I really wanted to tackle an old and outstanding question that had been difficult to crack at a molecular level but for which new tools could be developed and used to re-examine the topic. Regeneration was ripe for exactly that when I chose my postdoc field. Since then, there has been an explosion of resources for these animals.  In my PhD studies, I also became very curious about how creatures maintained their bodies at both a cellular level, but also a larger-scale level, once they had initially developed. Salamanders seemed a natural choice for these reasons, though of course working with them was way more challenging on a logistical level than working with fruit flies. 

What is holding the field (or your research) back? 

There is a ton of momentum in the field, but additional funding and people would of course move the science forward faster. We still have a long generation time to deal with (almost one year), so more technologies for addressing gene function in the meantime, while still pursuing true genetic loss-of-function homozygous mutants, are critical.  Other resources, such as antibodies that work in axolotls and other salamanders, are also important. Genetic resources across salamanders are still developing as well. Finally, it would be great to see a commercial source of axolotls for research so that there was less of a bottleneck in operations being animal availability. 

How have you seen research axolotl and other ‘non-traditional’ species change over the last decade and where do you see the field going?  

With de novo transcriptome assembly especially, more species are becoming accessible to molecular study than ever before.
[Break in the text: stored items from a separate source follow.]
(* Let $n\ge 2$ and let $k$ be a positive integer dividing $n$. Let $f=(f^m)_{m\in\mathbb{N}}$ be a family of functions $f^m:\{0,1\}^m\to\mathbb{R}_{\ge 0}$ such that $1^m$ is the unique optimum of $f^m$. Define $LO_k^f:\{0,1\}^n\to\mathbb{R}_{\ge0}$ by $$LO_k^f(x)=\sum_{i=0}^{n/k-1} f^k(x_{ik}x_{ik+1}\dots x_{ik+k-1})\cdot\prod_{j=0}^{ik-1}x_j .$$ Let $T$ be the run time of the (1+1) EA (with mutation probability $1/n$) maximizing $LO_k^f$ on bit strings of length $n$, and let $T_k^n$ be the run time of the (1+1) EA maximizing $f^k$ on bit strings of length $k$ but with bit flip probability $1/n$. Then $$E(T)=E(T_k^n)\,\frac{\left(\frac{n}{n-1}\right)^n-1}{\left(\frac{n}{n-1}\right)^k-1}\in\Theta\!\left(E(T_k^n)\frac{n}{k}\right).$$
   Context: The (1+1) EA with bit flip probability $p$ maximizing $g:\{0,1\}^m\to\mathbb{R}$: start with $x$ drawn uniformly at random from $\{0,1\}^m$; in each iteration create $y$ by flipping each bit of $x$ independently with probability $p$, and set $x\gets y$ if $g(y)\ge g(x)$. The run time is the number of iterations until the optimum is first the current solution. *)

theory Defs
  imports "HOL-Probability.Probability"
begin

text \<open>Bit strings of length m are bool lists of length m (True = bit 1).\<close>

fun mutate :: "real \<Rightarrow> bool list \<Rightarrow> bool list pmf" where
  "mutate p [] = return_pmf []"
| "mutate p (b # bs) =
     bind_pmf (bernoulli_pmf p)
       (\<lambda>flip. map_pmf (\<lambda>r. (if flip then \<not> b else b) # r) (mutate p bs))"
lemma row_weight_climb:
  fixes x :: "nat \<Rightarrow> 'a::field" and q t :: 'a
  assumes generic: "\<forall>a b. a > 0 \<longrightarrow> q ^ a * t ^ b \<noteq> 1"
    and "1 \<le> r" "r < k" and climbs: "rule_at i \<sigma> r \<in> {Climb, Branch}"
  shows "row_weight x q t \<sigma>' (r + 1) * climb_at q t \<sigma>' r = row_weight x q t \<sigma> (r + 1) * climb_at q t \<sigma> r"
proof -
  define a b c d where "a = \<sigma> (r, i)" "b = \<sigma> (r, i + 1)" "c = \<sigma> (r + 1, i)" "d = \<sigma> (r + 1, i + 1)"
  define A where "A = arm lam (r + 1, i + 1) + 1"
  have "r + 1 \<le> L" using \<open>r < k\<close> k_le_height by simp
  have leg: "leg lam (r + 1, i) + 1 = L - r" "leg lam (r + 1, i + 1) + 1 = L - r"
    using leg_twin \<open>r + 1 \<le> L\<close> by auto
  have arm: "arm lam (r + 1, i) + 1 = A + 1" using arm_twin[of "r + 1"] \<open>r + 1 \<le> L\<close> by (simp add: A_def)
  have swapped: "\<sigma>' (r, i) = b" "\<sigma>' (r, i + 1) = a" "\<sigma>' (r + 1, i) = d" "\<sigma>' (r + 1, i + 1) = c"
    using \<open>1 \<le> r\<close> \<open>r < k\<close> by (simp_all add: swap_block_inside swap_col_def a_b_c_d_def)
  have "a \<noteq> b" "c \<noteq> d" "a \<noteq> d"
    using twin_entries_distinct \<open>1 \<le> r\<close> \<open>r + 1 \<le> L\<close> unfolding a_b_c_d_def by auto
  moreover have "L - r > 0" using \<open>r + 1 \<le> L\<close> by simp
  ultimately have "cell_factor x q t (L - r) (A + 1) d b * cell_factor x q t (L - r) A c a * t ^ Qnat d b c
        * climb_weight q t (L - r) A b a d c
      = cell_factor x q t (L - r) (A + 1) c a * cell_factor x q t (L - r) A d b * t ^ Qnat c a d
        * climb_weight q t (L - r) A a b c d"
    using climbs climb_identity_Climb[OF generic] climb_identity_Branch[OF generic]
    by (auto simp: rule_at_def a_b_c_d_def)
  moreover have "triple_Q \<sigma>' (r + 1, i, i + 1) = Qnat d b c" "triple_Q \<sigma> (r + 1, i, i + 1) = Qnat c a d"
    using swapped \<open>1 \<le> r\<close> by (simp_all add: triple_Q_def below_def a_b_c_d_def)
  ultimately show ?thesis
    using side_triples_swap_block[of "r + 1"] \<open>1 \<le> r\<close> \<open>r < k\<close> swapped leg arm
    by (simp add: row_weight_def climb_at_def cell_weight_def A_def a_b_c_d_def mult_ac)
qed

lemma triple_Q_right_col_exchange:
  assumes "k < L" and halts: "rule_at i \<sigma> k \<in> {Halt, Branch}" and "j \<in> right_cols (k + 1)"
  shows "triple_Q \<sigma>' (k + 1, i, j) + triple_Q \<sigma>' (k + 1, i + 1, j) + Qnat (\<sigma> (k + 1, i)) (\<sigma> (k, i)) (\<sigma> (k + 1, i + 1))
       = triple_Q \<sigma> (k + 1, i, j) + triple_Q \<sigma> (k + 1, i + 1, j) + Qnat (\<sigma> (k + 1, i)) (\<sigma> (k, i + 1)) (\<sigma> (k + 1, i + 1))"
proof -
  define a b c d e where "a = \<sigma> (k, i)" "b = \<sigma> (k, i + 1)" "c = \<sigma> (k + 1, i)" "d = \<sigma> (k + 1, i + 1)"
    "e = \<sigma> (k + 1, j)"
  have j: "(k + 1, j) \<in> dg lam" "i + 1 < j" using assms(3) by (auto simp: right_cols_def)
  have "a \<noteq> b" "c \<noteq> d" "a \<noteq> d"
    using twin_entries_distinct k_ge_1 \<open>k < L\<close> unfolding a_b_c_d_e_def by auto
  moreover have "e \<noteq> a" "e \<noteq> b" "e \<noteq> c" "e \<noteq> d"
    using non_attacking[of k i j] non_attacking[of k "i + 1" j] row_entries_distinct[of "k + 1" i j]
      row_entries_distinct[of "k + 1" "i + 1" j] twin_cells_in_dg[of k] twin_cells_in_dg[of "k + 1"] j
      k_ge_1 \<open>k < L\<close>
    unfolding a_b_c_d_e_def by auto
  moreover have "\<sigma>' (k + 1, j) = e" "\<sigma>' (k + 1, i) = c" "\<sigma>' (k + 1, i + 1) = d"
    using j by (simp_all add: a_b_c_d_e_def swap_block_outside)
  moreover have "\<sigma>' (k, i) = b" "\<sigma>' (k, i + 1) = a"
    using k_ge_1 by (simp_all add: swap_block_inside swap_col_def a_b_c_d_e_def)
  ultimately show ?thesis
    using Qnat_halt_exchange[OF _ \<open>a \<noteq> b\<close> \<open>c \<noteq> d\<close> \<open>a \<noteq> d\<close>] halts k_ge_1
    by (simp add: triple_Q_def below_def rule_at_def a_b_c_d_e_def)
qed
(* In the setting below, the map $\phi:\bigoplus_{i=1}^nF_i\to H_1(\Gamma,\rho^\beta)$ is equivariant for the natural action of $u_k$ on the target, where $u_k$ acts on the source trivially on $F_i$ for $i\neq k$ and by multiplication by $\chi=\beta^T$ on $F_k$. Moreover $\phi$ is injective.
   Context: Setting: $Q=\{q_1,\ldots,q_n\}\subset\mathbb{P}^1$, $b,c$ further points; $\Gamma=\pi_1(\mathbb{P}^1-Q-\{c\},b)$ with generators $\alpha_i$ (around $q_i$), $\delta$ (around $c$), relation $\delta\alpha_1\cdots\alpha_n=1$; $\delta_1=\delta$, $\delta_{i+1}=\alpha_i\delta_i\alpha_i^{-1}$; $u_k$ acts on $\Gamma$ by $\mu_k$ with $\mu_k(\alpha_i)=\alpha_i$ ($i\ne k$), $\mu_k(\alpha_k)=\delta_k^{-1}\alpha_k\delta_k$, $\mu_k(\delta_k)=\delta_k^{-1}\alpha_k^{-1}\delta_k\alpha_k\delta_k$. $\rho:\Gamma\to GL(V)$ with $\rho(\delta)=1$ and semisimple $\rho(\alpha_i)$; $\beta^{H_i},\beta^T\in\mathbb{C}^*$ with $\beta^T\prod\beta^{H_i}=1$ and $\beta^T\ne1$; $\rho^\beta(\alpha_i)=\beta^{H_i}\rho(\alpha_i)$, $\rho^\beta(\delta)=\beta^T$. $C_1/\partial C_2$: span of $G[\gamma,w]$, linear in $w$, with $G[\xi\gamma,w]=G[\gamma,w]+G[\xi,\rho^\beta(\gamma)w]$; $H_1(\Gamma,\rho^\beta)=\ker(\partial:G[\gamma,w]\mapsto\rho^\beta(\gamma)w-w)$; natural action $G[\gamma,w]\mapsto G[\mu_k(\gamma),w]$. $F_i\subset V$ is the space of vectors fixed by $\rho^\beta(\alpha_i)$, and $\phi_i(f)=G[\alpha_i,f]$, $\phi=\sum\phi_i$. *)

theory Defs
  imports "HOL-Analysis.Analysis" "HOL-Library.Function_Algebras"
begin

text \<open>Gamma = pi_1(P^1 - Q - {c}, b) = < alpha_1..alpha_n, delta | delta alpha_1 ... alpha_n = 1 >,
  which is free on alpha_1..alpha_n.  A letter (i, False) is alpha_i, (i, True) is alpha_i^-1.\<close>

type_synonym word = "(nat \<times> bool) list"

definition gen_inv :: "nat \<times> bool \<Rightarrow> nat \<times> bool" where
  "gen_inv x = (fst x, \<not> snd x)"

fun push :: "nat \<times> bool \<Rightarrow> word \<Rightarrow> word" where
  "push a [] = [a]"
| "push a (b # ys) = (if fst a = fst b \<and> snd a \<noteq> snd b then ys else a # b # ys)"

definition reduce :: "word \<Rightarrow> word" where
  "reduce xs = foldr push xs []"

definition reduced :: "word \<Rightarrow> bool" where
  "reduced xs = (\<forall>i. Suc i < length xs \<longrightarrow>
      \<not> (fst (xs ! i) = fst (xs ! Suc i) \<and> snd (xs ! i) \<noteq> snd (xs ! Suc i)))"

definition FG :: "nat \<Rightarrow> word set" where
  "FG n = {w. reduced w \<and> (\<forall>x\<in>set w. fst x \<in> {1..n})}"

definition fg_mult :: "word \<Rightarrow> word \<Rightarrow> word" where
  "fg_mult x y = reduce (x @ y)"

definition fg_inv :: "word \<Rightarrow> word" where
  "fg_inv x = rev (map gen_inv x)"

definition alpha :: "nat \<Rightarrow> word" where
  "alpha i = [(i, False)]"

definition delta :: "nat \<Rightarrow> word" where
  "delta n = fg_inv (map (\<lambda>i. (i, False)) [1..<Suc n])"

text \<open>deltas n j = delta_(j+1): delta_1 = delta, delta_(i+1) = alpha_i delta_i alpha_i^-1\<close>
fun deltas :: "nat \<Rightarrow> nat \<Rightarrow> word" where
  "deltas n 0 = delta n"
| "deltas n (Suc j) = fg_mult (fg_mult (alpha (Suc j)) (deltas n j)) (fg_inv (alpha (Suc j)))"

definition delta_k :: "nat \<Rightarrow> nat \<Rightarrow> word" where
  "delta_k n k = deltas n (k - 1)"

definition mu_gen :: "nat \<Rightarrow> nat \<Rightarrow> nat \<Rightarrow> word" where
  "mu_gen n k i = (if i = k then fg_mult (fg_mult (fg_inv (delta_k n k)) (alpha k)) (delta_k n k)
                   else alpha i)"

definition mu :: "nat \<Rightarrow> nat \<Rightarrow> word \<Rightarrow> word" where
  "mu n k w = reduce (concat (map (\<lambda>(i, b). if b then fg_inv (mu_gen n k i) else mu_gen n k i) w))"

definition rep :: "(nat \<Rightarrow> complex^'d^'d) \<Rightarrow> word \<Rightarrow> complex^'d^'d" where
  "rep M w = foldr (\<lambda>(i, b) acc. (if b then matrix_inv (M i) else M i) ** acc) w (mat 1)"

text \<open>rho^beta(alpha_i) = beta^(H_i) rho(alpha_i)\<close>
definition twist :: "(nat \<Rightarrow> complex^'d^'d) \<Rightarrow> (nat \<Rightarrow> complex) \<Rightarrow> nat \<Rightarrow> complex^'d^'d" where
  "twist A bH i = mat (bH i) ** A i"

definition semisimple :: "complex^'d^'d \<Rightarrow> bool" where
  "semisimple A = (\<exists>P::complex^'d^'d. invertible P \<and>
      (\<forall>i j. i \<noteq> j \<longrightarrow> (matrix_inv P ** A ** P) $ i $ j = 0))"

text \<open>The chain space C_1 is modelled as complex-valued functions on Gamma \<times> V, the symbol
  [gamma, w] being the indicator of (gamma, w).  The class G[gamma,w] in C_1/\<partial>C_2 is the
  class of [gamma,w] modulo the subspace rel_space spanned by the linearity relations in w and the
  cocycle relations G[xi gamma, w] = G[gamma, w] + G[xi, rho^beta(gamma) w].\<close>

definition sym :: "word \<Rightarrow> complex^'d \<Rightarrow> (word \<times> (complex^'d) \<Rightarrow> complex)" where
  "sym g w = (\<lambda>p. if p = (g, w) then 1 else 0)"

definition cscale :: "complex \<Rightarrow> ('a \<Rightarrow> complex) \<Rightarrow> ('a \<Rightarrow> complex)" where
  "cscale c f = (\<lambda>p. c * f p)"

definition rel_gens :: "nat \<Rightarrow> (nat \<Rightarrow> complex^'d^'d) \<Rightarrow> (word \<times> (complex^'d) \<Rightarrow> complex) set" where
  "rel_gens n R =
     {sym g (a *s v + b *s w) - cscale a (sym g v) - cscale b (sym g w)
        | g a b v w. g \<in> FG n}
   \<union> {sym (fg_mult xi g) w - sym g w - sym xi (rep R g *v w)
        | xi g w. xi \<in> FG n \<and> g \<in> FG n}"

definition rel_space :: "nat \<Rightarrow> (nat \<Rightarrow> complex^'d^'d) \<Rightarrow> (word \<times> (complex^'d) \<Rightarrow> complex) set" where
  "rel_space n R = module.span cscale (rel_gens n R)"

definition eqC :: "nat \<Rightarrow> (nat \<Rightarrow> complex^'d^'d) \<Rightarrow> (word \<times> (complex^'d) \<Rightarrow> complex)
                   \<Rightarrow> (word \<times> (complex^'d) \<Rightarrow> complex) \<Rightarrow> bool" where
  "eqC n R x y = (x - y \<in> rel_space n R)"

definition phi :: "nat \<Rightarrow> (nat \<Rightarrow> complex^'d) \<Rightarrow> (word \<times> (complex^'d) \<Rightarrow> complex)" where
  "phi n f = (\<Sum>i=1..n. sym (alpha i) (f i))"

definition Fix :: "complex^'d^'d \<Rightarrow> (complex^'d) set" where
  "Fix B = {v. B *v v = v}"

end

theory Submission
  imports Defs
begin

text \<open>
  Equivariance: \<open>\<mu>\<^sub>k\<close> fixes \<open>\<alpha>\<^sub>i\<close> for \<open>i \<noteq> k\<close>, so only the \<open>k\<close>-th summand changes. Twisting
  multiplies \<open>\<rho>(\<delta>) = 1\<close> by \<open>\<Prod>\<^sub>i (\<beta>\<^bsup>H\<^sub>i\<^esub>)\<^sup>-\<^sup>1 = \<beta>\<^sup>T\<close>, so \<open>\<rho>\<^sup>\<beta>(\<delta>)\<close> is the scalar \<open>\<beta>\<^sup>T\<close>, and so
  is \<open>\<rho>\<^sup>\<beta>(\<delta>\<^sub>k)\<close>, \<open>\<delta>\<^sub>k\<close> being conjugate to \<open>\<delta>\<close>. The cocycle relations for the products
  \<open>(\<delta>\<^sub>k\<^sup>-\<^sup>1\<alpha>\<^sub>k)\<delta>\<^sub>k\<close>, \<open>\<delta>\<^sub>k\<^sup>-\<^sup>1\<alpha>\<^sub>k\<close> and \<open>\<delta>\<^sub>k\<^sup>-\<^sup>1\<delta>\<^sub>k\<close>, together with \<open>G[1, f] = 0\<close>, then give
  \<open>G[\<delta>\<^sub>k\<^sup>-\<^sup>1\<alpha>\<^sub>k\<delta>\<^sub>k, f] = G[\<alpha>\<^sub>k, \<beta>\<^sup>T f]\<close> whenever \<open>\<rho>\<^sup>\<beta>(\<alpha>\<^sub>k) f = f\<close>.

  Injectivity: \<open>\<Gamma>\<close> is free on the \<open>\<alpha>\<^sub>i\<close>. For each \<open>t\<close> the Fox derivative \<open>\<partial>/\<partial>\<alpha>\<^sub>t\<close> pushed
  through \<open>\<rho>\<^sup>\<beta>\<close> is a crossed homomorphism \<open>D\<^sub>t(\<xi>\<gamma>) = D\<^sub>t(\<gamma>) + D\<^sub>t(\<xi>) \<rho>\<^sup>\<beta>(\<gamma>)\<close>, so
  \<open>[\<gamma>, w] \<mapsto> D\<^sub>t(\<gamma>) w\<close> respects the relations of \<open>C\<^sub>1/\<partial>C\<^sub>2\<close> and induces a linear map sending
  \<open>\<phi>(f)\<close> to \<open>f\<^sub>t\<close>.
\<close>

section \<open>Free reduction\<close>

abbreviation cancels :: "nat \<times> bool \<Rightarrow> nat \<times> bool \<Rightarrow> bool" where
  "cancels a b \<equiv> fst a = fst b \<and> snd a \<noteq> snd b"

lemma reduced_Cons:
  "reduced (a # ys) \<longleftrightarrow> reduced ys \<and> (ys = [] \<or> \<not> cancels a (hd ys))"
  unfolding reduced_def
proof (intro iffI conjI allI impI)
  fix i
  assume r: "\<forall>i. Suc i < length (a # ys) \<longrightarrow> \<not> cancels ((a # ys) ! i) ((a # ys) ! Suc i)"
  show "Suc i < length ys \<Longrightarrow> \<not> cancels (ys ! i) (ys ! Suc i)"
    using r[rule_format, of "Suc i"] by simp
  show "ys = [] \<or> \<not> cancels a (hd ys)"
    using r[rule_format, of 0] by (cases ys) auto
next
  fix i
  assume "(\<forall>i. Suc i < length ys \<longrightarrow> \<not> cancels (ys ! i) (ys ! Suc i)) \<and> (ys = [] \<or> \<not> cancels a (hd ys))"
    and "Suc i < length (a # ys)"
  then show "\<not> cancels ((a # ys) ! i) ((a # ys) ! Suc i)"
    by (cases i; cases ys) auto
qed

lemma reduced_Nil [simp]: "reduced []"
  by (simp add: reduced_def)

lemma reduced_push: "reduced ys \<Longrightarrow> reduced (push a ys)"
  by (cases ys) (auto simp: reduced_Cons)

lemma reduced_reduce: "reduced (reduce xs)"
  by (induction xs) (simp_all add: reduce_def reduced_push)

lemma reduce_reduced: "reduced xs \<Longrightarrow> reduce xs = xs"
proof (induction xs)
  case (Cons a xs)
  then have "reduce xs = xs" by (simp add: reduced_Cons)
  with Cons.prems show ?case by (cases xs) (auto simp: reduce_def reduced_Cons)
qed (simp add: reduce_def)

lemma set_reduce: "set (reduce xs) \<subseteq> set xs"
proof (induction xs)
  case (Cons a xs)
  have "set (push a ys) \<subseteq> insert a (set ys)" for ys by (cases ys) auto
  with Cons show ?case by (fastforce simp: reduce_def)
qed (simp add: reduce_def)

lemma reduced_fg_inv: "reduced d \<Longrightarrow> reduced (fg_inv d)"
  unfolding reduced_def fg_inv_def
proof (intro allI impI)
  fix i
  assume r: "\<forall>i. Suc i < length d \<longrightarrow> \<not> cancels (d ! i) (d ! Suc i)"
    and i: "Suc i < length (rev (map gen_inv d))"
  then have "length d - Suc i = Suc (length d - Suc (Suc i))" by simp
  with r[rule_format, of "length d - Suc (Suc i)"] i
  show "\<not> cancels (rev (map gen_inv d) ! i) (rev (map gen_inv d) ! Suc i)"
    by (auto simp: rev_nth gen_inv_def)
qed

lemma fg_mult_fg_inv_left: "reduced d \<Longrightarrow> fg_mult (fg_inv d) d = []"
proof -
  have "foldr push (rev (map gen_inv d)) d = []" for d
    by (induction d) (auto simp: gen_inv_def)
  then show "reduced d \<Longrightarrow> fg_mult (fg_inv d) d = []"
    by (simp add: fg_mult_def fg_inv_def reduce_def reduce_reduced[unfolded reduce_def])
qed

lemma FG_fg_mult: "x \<in> FG n \<Longrightarrow> y \<in> FG n \<Longrightarrow> fg_mult x y \<in> FG n"
  using set_reduce[of "x @ y"] by (auto simp: FG_def fg_mult_def reduced_reduce)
We also finally now have access to a sequenced genome. 10 years ago, neither of these existed, and we were cloning genes using methods that people working in the most common genetic models rarely had to resort to.  I think the field really is driving toward understanding what are the cells critical for regeneration and what factors do they use to make it happen. Once these are more clearly defined, comparing them to mammals and possibly identifying the key differences will be important. I think it is completely possible humans have all the right “parts” to regenerate limbs—and some of them might even be activated following amputation—but these cells encounter an antagonistic (pro-scarring, anti-regenerative) environment and they also lack cues to organize into a blastema (a collection of cells necessary for regeneration). If we knew more of the nuts and bolts of this whole process, it might be possible to remove these roadblocks and also provide critical cues to the cells to coax them to come together and make a blastema. I also think the specialized, pro-regenerative wound epidermis formed in highly-regenerative animals is going to be very important. Knowing what factors if produces can give us clues of what might promote regeneration at the injury site.

Where do you see synergy between your work and that of other "non-model" organism researchers?

We all need to be willing to go full steam at a problem knowing we still have one hand tied behind our backs. New tools are coming online, but it’s still not like working in an organism where you can search a repository and order up a bunch of mutant animals for a particular take the next steps in your research. 

What do you wish people understood about axolotls?  

Axolotls hold more than just these limb regeneration secrets—we have so much more to learn from them. While I’m very grateful these lab stocks exist, they are critically endangered in the wild. It would be very sad if they go extinct, and to imagine all the other species that could offer us special insights that we might not get otherwise going extinct before they are even studied is really terrible. Working with these creatures takes time and extra effort, but it is totally worth it.